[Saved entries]
[Start of Attachment]

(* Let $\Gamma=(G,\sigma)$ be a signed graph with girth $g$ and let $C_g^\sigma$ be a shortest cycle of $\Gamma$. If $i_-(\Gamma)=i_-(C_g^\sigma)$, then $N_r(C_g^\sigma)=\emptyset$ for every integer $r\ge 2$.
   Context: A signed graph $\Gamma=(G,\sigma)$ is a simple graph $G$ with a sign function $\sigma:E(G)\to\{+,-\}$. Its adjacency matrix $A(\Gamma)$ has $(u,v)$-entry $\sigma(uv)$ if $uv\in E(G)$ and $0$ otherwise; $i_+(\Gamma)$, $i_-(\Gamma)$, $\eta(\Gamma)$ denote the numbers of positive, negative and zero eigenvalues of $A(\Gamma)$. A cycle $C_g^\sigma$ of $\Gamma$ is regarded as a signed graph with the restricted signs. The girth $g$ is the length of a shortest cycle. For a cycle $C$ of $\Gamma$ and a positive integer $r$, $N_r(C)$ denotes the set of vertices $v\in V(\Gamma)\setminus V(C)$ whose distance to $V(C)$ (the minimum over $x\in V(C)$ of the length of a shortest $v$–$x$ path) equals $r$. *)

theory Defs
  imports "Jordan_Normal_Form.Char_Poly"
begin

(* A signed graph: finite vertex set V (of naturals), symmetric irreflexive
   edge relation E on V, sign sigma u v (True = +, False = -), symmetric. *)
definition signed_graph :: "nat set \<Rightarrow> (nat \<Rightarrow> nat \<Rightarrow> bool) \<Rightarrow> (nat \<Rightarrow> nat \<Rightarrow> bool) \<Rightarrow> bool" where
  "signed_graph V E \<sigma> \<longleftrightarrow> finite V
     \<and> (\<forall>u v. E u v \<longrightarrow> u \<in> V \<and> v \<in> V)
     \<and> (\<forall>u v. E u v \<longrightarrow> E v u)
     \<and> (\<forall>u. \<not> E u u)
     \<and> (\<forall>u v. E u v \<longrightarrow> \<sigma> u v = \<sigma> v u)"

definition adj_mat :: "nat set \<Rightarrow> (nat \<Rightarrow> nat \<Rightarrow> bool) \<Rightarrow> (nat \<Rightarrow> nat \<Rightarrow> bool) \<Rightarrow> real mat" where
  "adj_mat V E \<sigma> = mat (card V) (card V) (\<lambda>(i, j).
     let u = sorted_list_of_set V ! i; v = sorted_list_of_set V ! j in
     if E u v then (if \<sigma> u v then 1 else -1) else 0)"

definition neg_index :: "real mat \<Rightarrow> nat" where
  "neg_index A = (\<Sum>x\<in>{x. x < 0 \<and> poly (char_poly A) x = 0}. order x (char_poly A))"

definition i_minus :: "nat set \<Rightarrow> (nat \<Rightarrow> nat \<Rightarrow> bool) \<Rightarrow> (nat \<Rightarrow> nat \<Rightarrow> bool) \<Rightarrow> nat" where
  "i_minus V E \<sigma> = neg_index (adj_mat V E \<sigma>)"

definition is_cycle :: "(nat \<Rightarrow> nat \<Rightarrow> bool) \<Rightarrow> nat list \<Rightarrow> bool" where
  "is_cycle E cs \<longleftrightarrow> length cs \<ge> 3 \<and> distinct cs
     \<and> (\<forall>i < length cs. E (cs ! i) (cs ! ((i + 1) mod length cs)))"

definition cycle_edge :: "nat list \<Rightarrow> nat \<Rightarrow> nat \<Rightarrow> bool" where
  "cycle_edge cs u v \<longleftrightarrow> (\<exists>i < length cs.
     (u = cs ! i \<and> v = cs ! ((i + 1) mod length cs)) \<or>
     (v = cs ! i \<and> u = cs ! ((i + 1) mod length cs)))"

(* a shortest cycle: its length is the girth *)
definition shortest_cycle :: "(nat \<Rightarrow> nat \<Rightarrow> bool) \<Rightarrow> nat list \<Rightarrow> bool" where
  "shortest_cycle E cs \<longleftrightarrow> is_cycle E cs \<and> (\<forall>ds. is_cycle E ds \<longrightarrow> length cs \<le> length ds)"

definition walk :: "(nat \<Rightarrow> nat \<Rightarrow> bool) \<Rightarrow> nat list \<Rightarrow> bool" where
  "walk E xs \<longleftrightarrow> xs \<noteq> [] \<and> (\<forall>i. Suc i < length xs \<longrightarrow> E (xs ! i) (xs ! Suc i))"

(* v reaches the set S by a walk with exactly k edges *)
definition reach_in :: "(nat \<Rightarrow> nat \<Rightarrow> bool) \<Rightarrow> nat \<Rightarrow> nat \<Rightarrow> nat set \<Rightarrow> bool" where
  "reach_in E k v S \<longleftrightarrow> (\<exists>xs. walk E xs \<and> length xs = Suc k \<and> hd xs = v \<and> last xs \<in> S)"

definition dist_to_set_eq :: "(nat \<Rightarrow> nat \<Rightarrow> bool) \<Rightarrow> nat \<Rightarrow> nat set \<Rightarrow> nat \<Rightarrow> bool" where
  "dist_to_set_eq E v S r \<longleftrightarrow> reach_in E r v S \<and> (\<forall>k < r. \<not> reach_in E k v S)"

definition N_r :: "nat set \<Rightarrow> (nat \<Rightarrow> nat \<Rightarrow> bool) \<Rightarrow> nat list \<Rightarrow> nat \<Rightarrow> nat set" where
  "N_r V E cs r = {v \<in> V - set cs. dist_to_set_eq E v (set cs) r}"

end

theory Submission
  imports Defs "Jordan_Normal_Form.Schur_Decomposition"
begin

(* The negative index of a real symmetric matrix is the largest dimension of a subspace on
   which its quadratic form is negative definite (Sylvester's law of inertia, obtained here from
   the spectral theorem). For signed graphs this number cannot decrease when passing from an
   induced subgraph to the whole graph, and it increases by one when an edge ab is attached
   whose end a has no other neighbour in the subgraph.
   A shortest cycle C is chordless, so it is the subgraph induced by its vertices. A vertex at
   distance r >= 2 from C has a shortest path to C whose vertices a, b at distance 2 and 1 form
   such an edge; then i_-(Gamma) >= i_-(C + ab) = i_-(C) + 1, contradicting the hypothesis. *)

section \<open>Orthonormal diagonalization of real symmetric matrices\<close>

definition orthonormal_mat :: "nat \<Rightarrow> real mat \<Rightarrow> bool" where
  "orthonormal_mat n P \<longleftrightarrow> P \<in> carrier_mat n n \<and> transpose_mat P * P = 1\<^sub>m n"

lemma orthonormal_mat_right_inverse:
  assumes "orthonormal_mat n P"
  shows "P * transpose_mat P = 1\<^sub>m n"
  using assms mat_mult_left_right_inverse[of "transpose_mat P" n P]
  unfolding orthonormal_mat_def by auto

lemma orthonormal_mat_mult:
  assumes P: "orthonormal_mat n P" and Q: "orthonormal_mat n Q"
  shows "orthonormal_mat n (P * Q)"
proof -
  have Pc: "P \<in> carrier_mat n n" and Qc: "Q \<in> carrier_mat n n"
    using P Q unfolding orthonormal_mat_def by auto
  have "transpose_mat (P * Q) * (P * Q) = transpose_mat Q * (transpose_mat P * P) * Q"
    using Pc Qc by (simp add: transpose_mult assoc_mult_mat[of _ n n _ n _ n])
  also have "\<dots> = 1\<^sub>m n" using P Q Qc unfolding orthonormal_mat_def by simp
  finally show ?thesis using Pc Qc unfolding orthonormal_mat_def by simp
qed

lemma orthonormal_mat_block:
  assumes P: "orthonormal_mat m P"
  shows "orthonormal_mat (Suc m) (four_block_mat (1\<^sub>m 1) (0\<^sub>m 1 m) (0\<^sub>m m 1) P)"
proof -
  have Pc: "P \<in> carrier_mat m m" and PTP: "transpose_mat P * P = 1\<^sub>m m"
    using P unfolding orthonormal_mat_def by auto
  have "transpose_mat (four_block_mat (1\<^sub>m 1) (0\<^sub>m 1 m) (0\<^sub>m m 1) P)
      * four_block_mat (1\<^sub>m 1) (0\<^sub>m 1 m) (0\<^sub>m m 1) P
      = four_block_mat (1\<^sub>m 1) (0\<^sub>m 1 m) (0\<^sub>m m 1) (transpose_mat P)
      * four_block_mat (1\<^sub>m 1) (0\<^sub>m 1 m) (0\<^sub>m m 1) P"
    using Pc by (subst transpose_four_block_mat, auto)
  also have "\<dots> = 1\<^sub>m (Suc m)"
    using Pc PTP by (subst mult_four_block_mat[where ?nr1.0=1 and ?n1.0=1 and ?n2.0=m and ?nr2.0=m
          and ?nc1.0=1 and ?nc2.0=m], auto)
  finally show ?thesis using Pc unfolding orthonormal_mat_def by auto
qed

[End of Attachment]
[Start of Attachment]

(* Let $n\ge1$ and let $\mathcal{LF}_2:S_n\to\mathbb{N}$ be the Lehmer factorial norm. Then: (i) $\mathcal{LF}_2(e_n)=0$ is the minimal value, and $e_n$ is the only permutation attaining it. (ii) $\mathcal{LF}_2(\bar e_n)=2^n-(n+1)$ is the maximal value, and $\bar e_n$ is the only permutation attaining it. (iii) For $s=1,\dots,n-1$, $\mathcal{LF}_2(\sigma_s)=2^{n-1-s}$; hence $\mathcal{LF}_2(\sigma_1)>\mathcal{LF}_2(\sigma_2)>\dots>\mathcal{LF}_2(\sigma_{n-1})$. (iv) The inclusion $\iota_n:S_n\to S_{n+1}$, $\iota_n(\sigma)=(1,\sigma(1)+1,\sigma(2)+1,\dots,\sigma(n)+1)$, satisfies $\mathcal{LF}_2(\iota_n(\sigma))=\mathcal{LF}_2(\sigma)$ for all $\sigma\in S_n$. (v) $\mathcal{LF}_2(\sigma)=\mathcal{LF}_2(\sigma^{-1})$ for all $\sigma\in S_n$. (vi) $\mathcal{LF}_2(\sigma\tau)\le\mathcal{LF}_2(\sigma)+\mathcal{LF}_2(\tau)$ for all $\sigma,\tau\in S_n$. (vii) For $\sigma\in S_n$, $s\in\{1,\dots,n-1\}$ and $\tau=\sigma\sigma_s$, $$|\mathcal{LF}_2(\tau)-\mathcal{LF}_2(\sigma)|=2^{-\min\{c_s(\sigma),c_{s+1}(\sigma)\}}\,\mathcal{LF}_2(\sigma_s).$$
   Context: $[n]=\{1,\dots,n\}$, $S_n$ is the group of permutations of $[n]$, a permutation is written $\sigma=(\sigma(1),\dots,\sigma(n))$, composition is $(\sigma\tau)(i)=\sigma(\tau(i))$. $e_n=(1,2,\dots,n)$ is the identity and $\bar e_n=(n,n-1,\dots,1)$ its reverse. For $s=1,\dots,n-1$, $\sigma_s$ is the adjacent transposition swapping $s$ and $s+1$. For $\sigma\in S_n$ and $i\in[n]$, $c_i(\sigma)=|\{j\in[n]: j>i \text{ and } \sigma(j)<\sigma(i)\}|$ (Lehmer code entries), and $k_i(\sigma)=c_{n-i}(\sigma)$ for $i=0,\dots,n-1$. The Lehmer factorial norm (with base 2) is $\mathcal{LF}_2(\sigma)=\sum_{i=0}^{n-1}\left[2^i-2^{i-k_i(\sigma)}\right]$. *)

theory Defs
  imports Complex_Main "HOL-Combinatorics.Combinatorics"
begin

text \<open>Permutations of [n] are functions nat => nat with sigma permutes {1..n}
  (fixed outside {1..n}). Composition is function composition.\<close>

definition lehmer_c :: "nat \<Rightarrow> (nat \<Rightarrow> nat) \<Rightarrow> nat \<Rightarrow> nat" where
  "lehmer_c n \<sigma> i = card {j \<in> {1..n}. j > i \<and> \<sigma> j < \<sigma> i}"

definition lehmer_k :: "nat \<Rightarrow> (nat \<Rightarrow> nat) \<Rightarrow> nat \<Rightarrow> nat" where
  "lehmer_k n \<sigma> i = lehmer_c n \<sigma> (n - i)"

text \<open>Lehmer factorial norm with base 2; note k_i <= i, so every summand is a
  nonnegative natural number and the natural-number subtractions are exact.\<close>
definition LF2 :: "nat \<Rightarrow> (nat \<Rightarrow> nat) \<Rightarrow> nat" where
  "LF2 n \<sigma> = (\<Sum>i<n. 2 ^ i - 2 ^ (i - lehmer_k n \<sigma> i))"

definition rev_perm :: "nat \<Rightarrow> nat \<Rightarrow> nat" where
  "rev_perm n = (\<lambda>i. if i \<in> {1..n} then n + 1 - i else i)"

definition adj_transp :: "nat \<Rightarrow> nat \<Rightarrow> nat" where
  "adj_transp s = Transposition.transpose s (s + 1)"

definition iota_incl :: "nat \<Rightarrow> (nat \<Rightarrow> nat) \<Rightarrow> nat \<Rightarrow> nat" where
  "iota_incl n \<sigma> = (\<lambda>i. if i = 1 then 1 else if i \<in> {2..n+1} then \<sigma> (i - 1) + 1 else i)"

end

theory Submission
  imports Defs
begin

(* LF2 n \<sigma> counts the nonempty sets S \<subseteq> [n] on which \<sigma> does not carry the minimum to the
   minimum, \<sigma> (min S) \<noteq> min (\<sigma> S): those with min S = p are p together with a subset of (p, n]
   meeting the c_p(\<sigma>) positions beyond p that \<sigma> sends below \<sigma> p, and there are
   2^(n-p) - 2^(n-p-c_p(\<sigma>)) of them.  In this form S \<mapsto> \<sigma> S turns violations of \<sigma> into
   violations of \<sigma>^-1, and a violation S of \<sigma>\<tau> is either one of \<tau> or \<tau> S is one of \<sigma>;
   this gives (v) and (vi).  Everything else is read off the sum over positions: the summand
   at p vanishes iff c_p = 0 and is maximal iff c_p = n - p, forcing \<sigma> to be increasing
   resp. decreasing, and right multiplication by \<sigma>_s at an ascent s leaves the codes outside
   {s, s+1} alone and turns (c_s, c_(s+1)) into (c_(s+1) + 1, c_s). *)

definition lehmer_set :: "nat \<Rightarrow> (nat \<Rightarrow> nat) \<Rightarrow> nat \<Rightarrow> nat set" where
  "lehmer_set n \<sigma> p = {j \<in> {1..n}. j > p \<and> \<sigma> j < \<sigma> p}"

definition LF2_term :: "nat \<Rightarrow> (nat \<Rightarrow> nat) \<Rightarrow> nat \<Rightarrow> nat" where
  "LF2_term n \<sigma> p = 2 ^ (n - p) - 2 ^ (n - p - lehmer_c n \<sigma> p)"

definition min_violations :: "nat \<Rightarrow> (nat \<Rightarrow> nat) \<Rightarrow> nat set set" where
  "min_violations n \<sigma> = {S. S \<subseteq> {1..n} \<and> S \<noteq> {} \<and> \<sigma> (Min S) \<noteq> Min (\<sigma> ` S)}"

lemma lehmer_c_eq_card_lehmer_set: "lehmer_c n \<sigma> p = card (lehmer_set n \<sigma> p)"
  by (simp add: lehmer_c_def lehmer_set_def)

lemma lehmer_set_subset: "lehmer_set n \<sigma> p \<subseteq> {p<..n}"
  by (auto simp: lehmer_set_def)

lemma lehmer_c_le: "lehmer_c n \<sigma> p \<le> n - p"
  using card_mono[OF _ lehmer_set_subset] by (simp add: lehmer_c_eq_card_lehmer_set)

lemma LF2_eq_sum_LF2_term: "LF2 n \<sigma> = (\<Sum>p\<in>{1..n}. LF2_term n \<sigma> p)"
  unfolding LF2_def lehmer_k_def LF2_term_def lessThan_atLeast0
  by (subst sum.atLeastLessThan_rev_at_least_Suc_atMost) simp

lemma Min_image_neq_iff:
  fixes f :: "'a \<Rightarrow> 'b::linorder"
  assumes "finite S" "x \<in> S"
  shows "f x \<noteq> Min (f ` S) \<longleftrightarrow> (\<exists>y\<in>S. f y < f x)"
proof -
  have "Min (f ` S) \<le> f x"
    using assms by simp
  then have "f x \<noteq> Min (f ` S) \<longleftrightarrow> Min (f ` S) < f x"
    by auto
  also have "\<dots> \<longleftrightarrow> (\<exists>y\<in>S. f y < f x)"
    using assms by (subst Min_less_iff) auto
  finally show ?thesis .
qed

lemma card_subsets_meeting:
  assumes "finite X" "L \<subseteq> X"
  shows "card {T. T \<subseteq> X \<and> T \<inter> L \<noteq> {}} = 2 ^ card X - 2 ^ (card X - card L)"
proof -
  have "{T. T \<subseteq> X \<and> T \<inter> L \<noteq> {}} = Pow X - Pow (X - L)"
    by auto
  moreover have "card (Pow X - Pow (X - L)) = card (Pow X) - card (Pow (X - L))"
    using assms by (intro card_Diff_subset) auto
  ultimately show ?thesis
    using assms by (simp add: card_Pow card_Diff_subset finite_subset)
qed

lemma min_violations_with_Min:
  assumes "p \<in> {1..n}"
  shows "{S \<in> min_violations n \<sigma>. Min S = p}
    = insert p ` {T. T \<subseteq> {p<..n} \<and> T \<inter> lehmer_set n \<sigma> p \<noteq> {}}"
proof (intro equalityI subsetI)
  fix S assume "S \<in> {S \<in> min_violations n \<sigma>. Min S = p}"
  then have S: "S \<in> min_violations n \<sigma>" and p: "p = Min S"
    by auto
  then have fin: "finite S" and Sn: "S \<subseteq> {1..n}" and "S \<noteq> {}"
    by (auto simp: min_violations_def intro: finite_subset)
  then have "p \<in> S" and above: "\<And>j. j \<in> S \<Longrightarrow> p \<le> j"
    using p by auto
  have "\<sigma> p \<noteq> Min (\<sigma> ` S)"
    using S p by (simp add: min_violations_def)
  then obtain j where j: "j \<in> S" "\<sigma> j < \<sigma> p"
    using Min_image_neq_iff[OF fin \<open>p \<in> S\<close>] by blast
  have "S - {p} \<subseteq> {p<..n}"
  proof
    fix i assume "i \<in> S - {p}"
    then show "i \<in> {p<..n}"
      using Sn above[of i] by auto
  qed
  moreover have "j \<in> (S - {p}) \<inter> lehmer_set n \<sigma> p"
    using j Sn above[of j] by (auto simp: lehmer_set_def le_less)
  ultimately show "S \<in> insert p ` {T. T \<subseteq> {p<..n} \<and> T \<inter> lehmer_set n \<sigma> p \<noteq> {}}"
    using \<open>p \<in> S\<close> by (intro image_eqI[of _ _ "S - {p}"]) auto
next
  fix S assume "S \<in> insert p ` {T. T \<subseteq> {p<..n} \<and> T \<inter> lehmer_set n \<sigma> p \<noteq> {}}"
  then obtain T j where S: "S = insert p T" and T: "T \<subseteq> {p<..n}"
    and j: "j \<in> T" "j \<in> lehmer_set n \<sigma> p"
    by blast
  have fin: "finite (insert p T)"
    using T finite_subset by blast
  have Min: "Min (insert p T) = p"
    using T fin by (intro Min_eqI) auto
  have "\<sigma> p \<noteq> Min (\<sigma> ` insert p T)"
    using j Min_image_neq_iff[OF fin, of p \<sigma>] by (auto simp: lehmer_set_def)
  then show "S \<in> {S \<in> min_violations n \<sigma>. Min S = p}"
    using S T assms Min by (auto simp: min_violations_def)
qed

[End of Attachment]
[Start of Attachment]

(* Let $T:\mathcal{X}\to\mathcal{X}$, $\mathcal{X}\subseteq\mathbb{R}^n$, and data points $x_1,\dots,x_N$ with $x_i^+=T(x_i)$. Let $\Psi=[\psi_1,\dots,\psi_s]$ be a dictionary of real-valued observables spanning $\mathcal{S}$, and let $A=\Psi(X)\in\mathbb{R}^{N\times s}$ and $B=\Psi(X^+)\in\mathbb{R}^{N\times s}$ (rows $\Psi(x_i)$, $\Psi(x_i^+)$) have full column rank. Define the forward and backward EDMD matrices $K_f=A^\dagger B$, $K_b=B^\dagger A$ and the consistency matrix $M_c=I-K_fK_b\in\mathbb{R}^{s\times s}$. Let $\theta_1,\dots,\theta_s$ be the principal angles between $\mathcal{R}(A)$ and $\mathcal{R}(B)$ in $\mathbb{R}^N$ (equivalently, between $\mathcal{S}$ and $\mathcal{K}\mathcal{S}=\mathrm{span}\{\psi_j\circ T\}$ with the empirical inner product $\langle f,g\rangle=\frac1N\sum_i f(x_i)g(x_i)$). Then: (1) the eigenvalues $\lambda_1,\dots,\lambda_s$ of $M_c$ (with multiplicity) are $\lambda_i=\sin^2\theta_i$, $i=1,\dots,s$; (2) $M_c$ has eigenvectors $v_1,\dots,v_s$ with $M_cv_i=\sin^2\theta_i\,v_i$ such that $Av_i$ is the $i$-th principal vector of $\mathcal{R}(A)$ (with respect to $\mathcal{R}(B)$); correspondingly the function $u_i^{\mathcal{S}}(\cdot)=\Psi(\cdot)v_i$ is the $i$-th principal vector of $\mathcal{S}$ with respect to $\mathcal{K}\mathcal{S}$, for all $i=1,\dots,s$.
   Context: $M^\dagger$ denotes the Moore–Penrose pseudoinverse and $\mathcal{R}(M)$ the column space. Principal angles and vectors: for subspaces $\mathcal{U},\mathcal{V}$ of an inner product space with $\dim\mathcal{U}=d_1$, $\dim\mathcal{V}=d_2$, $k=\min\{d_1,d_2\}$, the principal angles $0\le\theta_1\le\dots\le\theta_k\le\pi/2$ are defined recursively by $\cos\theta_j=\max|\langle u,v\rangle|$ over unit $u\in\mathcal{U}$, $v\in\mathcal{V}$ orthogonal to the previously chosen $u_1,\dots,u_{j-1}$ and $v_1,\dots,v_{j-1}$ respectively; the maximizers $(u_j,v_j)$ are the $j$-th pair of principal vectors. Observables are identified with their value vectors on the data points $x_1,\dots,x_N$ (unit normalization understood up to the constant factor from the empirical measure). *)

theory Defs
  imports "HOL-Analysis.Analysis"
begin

[End of Attachment]

Report how many lines of the entries hold the word "longleftrightarrow". Nothing else is needed.

11